[Stored items]
--------------------------------
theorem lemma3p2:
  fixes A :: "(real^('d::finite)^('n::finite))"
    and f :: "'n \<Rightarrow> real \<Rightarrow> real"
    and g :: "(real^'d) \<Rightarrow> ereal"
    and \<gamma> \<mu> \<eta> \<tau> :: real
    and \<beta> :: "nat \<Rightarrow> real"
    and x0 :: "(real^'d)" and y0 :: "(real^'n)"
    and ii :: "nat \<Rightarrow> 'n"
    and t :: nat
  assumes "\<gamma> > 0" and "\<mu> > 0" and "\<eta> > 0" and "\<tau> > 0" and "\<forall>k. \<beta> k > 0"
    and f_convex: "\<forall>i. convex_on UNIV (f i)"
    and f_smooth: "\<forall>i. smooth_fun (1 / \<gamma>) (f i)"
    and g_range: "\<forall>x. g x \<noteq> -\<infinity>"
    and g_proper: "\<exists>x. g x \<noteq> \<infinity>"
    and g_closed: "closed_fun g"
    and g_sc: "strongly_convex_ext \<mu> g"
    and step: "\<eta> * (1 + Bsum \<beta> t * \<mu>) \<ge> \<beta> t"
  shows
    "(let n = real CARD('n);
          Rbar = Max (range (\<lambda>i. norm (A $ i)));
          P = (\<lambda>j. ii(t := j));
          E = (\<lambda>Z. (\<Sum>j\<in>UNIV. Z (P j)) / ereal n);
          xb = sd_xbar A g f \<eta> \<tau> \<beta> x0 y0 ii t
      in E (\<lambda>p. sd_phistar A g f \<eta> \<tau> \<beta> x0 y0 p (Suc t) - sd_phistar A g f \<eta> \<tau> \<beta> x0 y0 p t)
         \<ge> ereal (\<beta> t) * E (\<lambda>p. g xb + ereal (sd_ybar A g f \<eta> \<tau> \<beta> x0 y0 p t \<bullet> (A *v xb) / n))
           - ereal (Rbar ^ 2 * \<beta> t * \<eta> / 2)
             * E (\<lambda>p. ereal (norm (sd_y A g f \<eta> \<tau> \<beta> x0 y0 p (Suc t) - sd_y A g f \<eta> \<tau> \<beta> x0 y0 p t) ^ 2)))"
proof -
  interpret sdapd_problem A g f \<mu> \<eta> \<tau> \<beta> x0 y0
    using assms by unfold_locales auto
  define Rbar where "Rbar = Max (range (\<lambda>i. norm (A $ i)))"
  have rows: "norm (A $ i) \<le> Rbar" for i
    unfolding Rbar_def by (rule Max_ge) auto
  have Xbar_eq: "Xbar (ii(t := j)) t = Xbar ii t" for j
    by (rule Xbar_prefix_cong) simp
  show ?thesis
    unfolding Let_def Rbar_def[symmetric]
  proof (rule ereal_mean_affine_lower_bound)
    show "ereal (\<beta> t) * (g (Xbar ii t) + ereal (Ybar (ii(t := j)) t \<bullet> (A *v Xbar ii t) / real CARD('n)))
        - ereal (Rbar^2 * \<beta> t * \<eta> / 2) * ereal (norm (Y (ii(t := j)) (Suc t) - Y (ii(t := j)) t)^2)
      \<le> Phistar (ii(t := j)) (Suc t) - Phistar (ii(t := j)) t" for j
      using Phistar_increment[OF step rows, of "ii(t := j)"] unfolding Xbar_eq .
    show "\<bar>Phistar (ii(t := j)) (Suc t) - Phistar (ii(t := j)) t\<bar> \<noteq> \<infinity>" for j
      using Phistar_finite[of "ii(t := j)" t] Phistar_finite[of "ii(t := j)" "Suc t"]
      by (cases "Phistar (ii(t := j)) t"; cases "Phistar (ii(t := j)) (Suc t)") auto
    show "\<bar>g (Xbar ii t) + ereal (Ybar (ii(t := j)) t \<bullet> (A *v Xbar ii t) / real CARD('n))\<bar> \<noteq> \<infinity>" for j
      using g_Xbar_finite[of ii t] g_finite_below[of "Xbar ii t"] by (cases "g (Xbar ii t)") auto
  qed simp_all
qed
--------------------------------
§ The problem
With no line skipped, repeat the records exactly.

§ Task output
theorem lemma3p2:
  fixes A :: "(real^('d::finite)^('n::finite))"
    and f :: "'n \<Rightarrow> real \<Rightarrow> real"
    and g :: "(real^'d) \<Rightarrow> ereal"
    and \<gamma> \<mu> \<eta> \<tau> :: real
    and \<beta> :: "nat \<Rightarrow> real"
    and x0 :: "(real^'d)" and y0 :: "(real^'n)"
    and ii :: "nat \<Rightarrow> 'n"
    and t :: nat
  assumes "\<gamma> > 0" and "\<mu> > 0" and "\<eta> > 0" and "\<tau> > 0" and "\<forall>k. \<beta> k > 0"
    and f_convex: "\<forall>i. convex_on UNIV (f i)"
    and f_smooth: "\<forall>i. smooth_fun (1 / \<gamma>) (f i)"
    and g_range: "\<forall>x. g x \<noteq> -\<infinity>"
    and g_proper: "\<exists>x. g x \<noteq> \<infinity>"
    and g_closed: "closed_fun g"
    and g_sc: "strongly_convex_ext \<mu> g"
    and step: "\<eta> * (1 + Bsum \<beta> t * \<mu>) \<ge> \<beta> t"
  shows
    "(let n = real CARD('n);
          Rbar = Max (range (\<lambda>i. norm (A $ i)));
          P = (\<lambda>j. ii(t := j));
          E = (\<lambda>Z. (\<Sum>j\<in>UNIV. Z (P j)) / ereal n);
          xb = sd_xbar A g f \<eta> \<tau> \<beta> x0 y0 ii t
      in E (\<lambda>p. sd_phistar A g f \<eta> \<tau> \<beta> x0 y0 p (Suc t) - sd_phistar A g f \<eta> \<tau> \<beta> x0 y0 p t)
         \<ge> ereal (\<beta> t) * E (\<lambda>p. g xb + ereal (sd_ybar A g f \<eta> \<tau> \<beta> x0 y0 p t \<bullet> (A *v xb) / n))
           - ereal (Rbar ^ 2 * \<beta> t * \<eta> / 2)
             * E (\<lambda>p. ereal (norm (sd_y A g f \<eta> \<tau> \<beta> x0 y0 p (Suc t) - sd_y A g f \<eta> \<tau> \<beta> x0 y0 p t) ^ 2)))"
proof -
  interpret sdapd_problem A g f \<mu> \<eta> \<tau> \<beta> x0 y0
    using assms by unfold_locales auto
  define Rbar where "Rbar = Max (range (\<lambda>i. norm (A $ i)))"
  have rows: "norm (A $ i) \<le> Rbar" for i
    unfolding Rbar_def by (rule Max_ge) auto
  have Xbar_eq: "Xbar (ii(t := j)) t = Xbar ii t" for j
    by (rule Xbar_prefix_cong) simp
  show ?thesis
    unfolding Let_def Rbar_def[symmetric]
  proof (rule ereal_mean_affine_lower_bound)
    show "ereal (\<beta> t) * (g (Xbar ii t) + ereal (Ybar (ii(t := j)) t \<bullet> (A *v Xbar ii t) / real CARD('n)))
        - ereal (Rbar^2 * \<beta> t * \<eta> / 2) * ereal (norm (Y (ii(t := j)) (Suc t) - Y (ii(t := j)) t)^2)
      \<le> Phistar (ii(t := j)) (Suc t) - Phistar (ii(t := j)) t" for j
      using Phistar_increment[OF step rows, of "ii(t := j)"] unfolding Xbar_eq .
    show "\<bar>Phistar (ii(t := j)) (Suc t) - Phistar (ii(t := j)) t\<bar> \<noteq> \<infinity>" for j
      using Phistar_finite[of "ii(t := j)" t] Phistar_finite[of "ii(t := j)" "Suc t"]
      by (cases "Phistar (ii(t := j)) t"; cases "Phistar (ii(t := j)) (Suc t)") auto
    show "\<bar>g (Xbar ii t) + ereal (Ybar (ii(t := j)) t \<bullet> (A *v Xbar ii t) / real CARD('n))\<bar> \<noteq> \<infinity>" for j
      using g_Xbar_finite[of ii t] g_finite_below[of "Xbar ii t"] by (cases "g (Xbar ii t)") auto
  qed simp_all
qed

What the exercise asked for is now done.